Le monde extérieur, Jorge Franco
Le monde extérieur, traduit de l'espagnol (Colombie) par René Solis, mars 2016, 267 pages, 20 €
Ecrivain(s): Jorge Franco Edition: MétailiéDans ce livre, plusieurs histoires s’entremêlent. Le lecteur est un peu comme un géologue étudiant les différentes strates d’une terre. Ici, c’est la Colombie, mais c’est aussi les états d’âme de personnages bigarrés, rencontres improbables d’une femme allemande désinhibée vivant à Berlin et d’un colombien plutôt sectaire, amoureux de musique classique et dont le meilleur ami est un ancien nazi.
« Il n’était pas encore habitué à la promiscuité de la nudité chez une femme bien élevée.

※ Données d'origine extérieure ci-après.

lemma entropy_on_cylinder:
  assumes "\<forall>M>0. \<exists>N. \<forall>w. length w > N \<longrightarrow> real (length w) / real (van_order k s w) > M"
    and "\<forall>y. prefix_inf p y \<longrightarrow> binval_inf y \<in> K"
  shows "entropy_on (f_sigma k s) K = \<infinity>"
  using sep_card_exponential[OF assms] by (rule entropy_on_infinite)

end

theorem mainTheorem19:
  fixes k :: nat and s :: "nat \<Rightarrow> bool \<Rightarrow> bool list"
  assumes "k \<ge> 2"
    and "completely_erasing k s"
    and "w_eps k s \<noteq> replicate k True"
    and "optimal k s"
    and "\<forall>M>0. \<exists>N. \<forall>w. length w > N \<longrightarrow>
            real (length w) / real (van_order k s w) > M"
  shows "\<forall>x\<in>{0..1::real}. \<forall>K. (K \<subseteq> {0..1} \<and> closed K \<and>
            (\<exists>U. open U \<and> x \<in> U \<and> U \<inter> {0..1} \<subseteq> K)) \<longrightarrow>
           entropy_on (f_sigma k s) K = entropy (f_sigma k s) \<and>
           entropy (f_sigma k s) = \<infinity>"
proof (intro ballI allI impI)
  interpret optimal_erasing k s
    using assms by unfold_locales simp_all
  fix x :: real and K :: "real set"
  assume "x \<in> {0..1}" and "K \<subseteq> {0..1} \<and> closed K \<and> (\<exists>U. open U \<and> x \<in> U \<and> U \<inter> {0..1} \<subseteq> K)"
  then obtain U where "open U" "x \<in> U" "U \<inter> {0..1} \<subseteq> K" by blast
  then obtain p where "\<forall>y. prefix_inf p y \<longrightarrow> binval_inf y \<in> U"
    using open_contains_cylinder \<open>x \<in> {0..1}\<close> by (metis atLeastAtMost_iff)
  then have "\<forall>y. prefix_inf p y \<longrightarrow> binval_inf y \<in> K"
    using \<open>U \<inter> {0..1} \<subseteq> K\<close> binval_inf_nonneg binval_inf_le_1 by auto
  then have "entropy_on (f_sigma k s) K = \<infinity>" by (rule entropy_on_cylinder[OF assms(5)])
  moreover have "entropy (f_sigma k s) = \<infinity>"
    unfolding entropy_def using assms(5)
    by (rule entropy_on_cylinder[where p = "[]"]) (simp add: binval_inf_nonneg binval_inf_le_1)
  ultimately show "entropy_on (f_sigma k s) K = entropy (f_sigma k s) \<and> entropy (f_sigma k s) = \<infinity>"
    by simp
qed

end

Il ne lui avait jamais dit, mais il préférait qu’elle se change dans la salle de bain et qu’elle ressorte en peignoir. Lui n’était pas capable de se déshabiller devant elle, il mettait toujours son pyjama. Qu’elle lui enlève après c’était une autre histoire ».
Don Diego fait construire un château en Colombie pour habiter avec Dita, de cette union naît une fille : Isolda. Pour s’échapper de cette prison dorée, celle-ci avec la complicité de la forêt toute proche s’invente des coiffures incroyables, imbibée de terre, de fleurs et de feuilles, elle fuit l’ennui. « Dans la forêt, les cheveux d’Isolda se transforment en spirale qui grandit à mesure que les amirages les lui tressent. Et ils l’ornent avec des gueules de loup et des pensées mauves, jaunes et blanches. Elle, sereine, les laisse volontiers la coiffer avec leur corne jusqu’à ce que sa tête ressemble à un cornet de crème glacée ». Et puis il y a Mano, le garçon pauvre, extérieur au château, qui jour après jour observe Isolda, cette princesse, si loin de son monde.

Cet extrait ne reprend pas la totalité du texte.